AIM OF THE EXERCISE - Only the count should appear in your answer: how many lines of the data below contain the word "intro"?

AVAILABLE DATA -

text \<open>Coordinate \<open>j\<close> is independent of everything that \<open>F\<close> sees, so it can be integrated out first.\<close>
lemma integral_fresh_coordinate:
  fixes F :: "(nat \<Rightarrow> 'b::countable) \<Rightarrow> 'b \<Rightarrow> real" and p :: "nat \<Rightarrow> 'b pmf"
  assumes det: "\<And>x. prefix_determined j (\<lambda>\<omega>. F \<omega> x)" and bound: "\<And>\<omega> x. \<bar>F \<omega> x\<bar> \<le> B"
  shows "(\<integral>\<omega>. F \<omega> (\<omega> j) \<partial>PiM UNIV (\<lambda>i. measure_pmf (p i)))
       = (\<integral>\<omega>. (\<integral>x. F \<omega> x \<partial>measure_pmf (p j)) \<partial>PiM UNIV (\<lambda>i. measure_pmf (p i)))"
proof -
  let ?M = "\<lambda>i. measure_pmf (p i)"
  interpret product_prob_space ?M UNIV
    by (simp add: product_prob_space_def product_sigma_finite_def prob_space_measure_pmf
        product_prob_space_axioms_def prob_space_imp_sigma_finite)
  have F_agree: "F \<omega> x = F \<omega>' x" if "\<And>i. i < j \<Longrightarrow> \<omega> i = \<omega>' i" for \<omega> \<omega>' x
    using det[of x] that by (simp add: prefix_determined_def)
  have F_upd: "F (fun_upd \<omega> j y) x = F \<omega> x" for \<omega> y x
    by (rule F_agree) simp
  have det_h: "prefix_determined (Suc j) (\<lambda>\<omega>. F \<omega> (\<omega> j))"
  proof (rule prefix_determinedI)
    fix \<omega> \<omega>' :: "nat \<Rightarrow> 'b"
    assume agree: "\<And>i. i < Suc j \<Longrightarrow> \<omega> i = \<omega>' i"
    then have "F \<omega> x = F \<omega>' x" for x
      by (intro F_agree) simp
    then show "F \<omega> (\<omega> j) = F \<omega>' (\<omega>' j)"
      using agree[of j] by simp
  qed
  have det_G: "prefix_determined j (\<lambda>\<omega>. (\<integral>x. F \<omega> x \<partial>?M j))"
  proof (rule prefix_determinedI)
    fix \<omega> \<omega>' :: "nat \<Rightarrow> 'b"
    assume "\<And>i. i < j \<Longrightarrow> \<omega> i = \<omega>' i"
    then have "F \<omega> x = F \<omega>' x" for x
      by (rule F_agree)
    then show "(\<integral>x. F \<omega> x \<partial>?M j) = (\<integral>x. F \<omega>' x \<partial>?M j)"
      by simp
  qed
  interpret fin: finite_measure "PiM (insert j {..<j}) ?M"
    using prob_space_PiM[of "insert j {..<j}" ?M] prob_space_measure_pmf prob_space_def by blast
  have "(\<integral>\<omega>. F \<omega> (\<omega> j) \<partial>PiM UNIV ?M) = (\<integral>\<omega>. F \<omega> (\<omega> j) \<partial>PiM (insert j {..<j}) ?M)"
    using integral_PiM_prefix[OF det_h] by (simp add: lessThan_Suc)
  also have "\<dots> = (\<integral>\<omega>. (\<integral>y. F (fun_upd \<omega> j y) (fun_upd \<omega> j y j) \<partial>?M j) \<partial>PiM {..<j} ?M)"
    using borel_measurable_prefix_determined[OF det_h, of "insert j {..<j}"] bound
    by (intro product_integral_insert fin.integrable_const_bound[where B = B])
       (auto simp: lessThan_Suc)
  also have "\<dots> = (\<integral>\<omega>. (\<integral>x. F \<omega> x \<partial>?M j) \<partial>PiM {..<j} ?M)"
    by (simp add: F_upd)
  also have "\<dots> = (\<integral>\<omega>. (\<integral>x. F \<omega> x \<partial>?M j) \<partial>PiM UNIV ?M)"
    using integral_PiM_prefix[OF det_G] by simp
  finally show ?thesis .
qed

RESULT OF THIS TASK - 2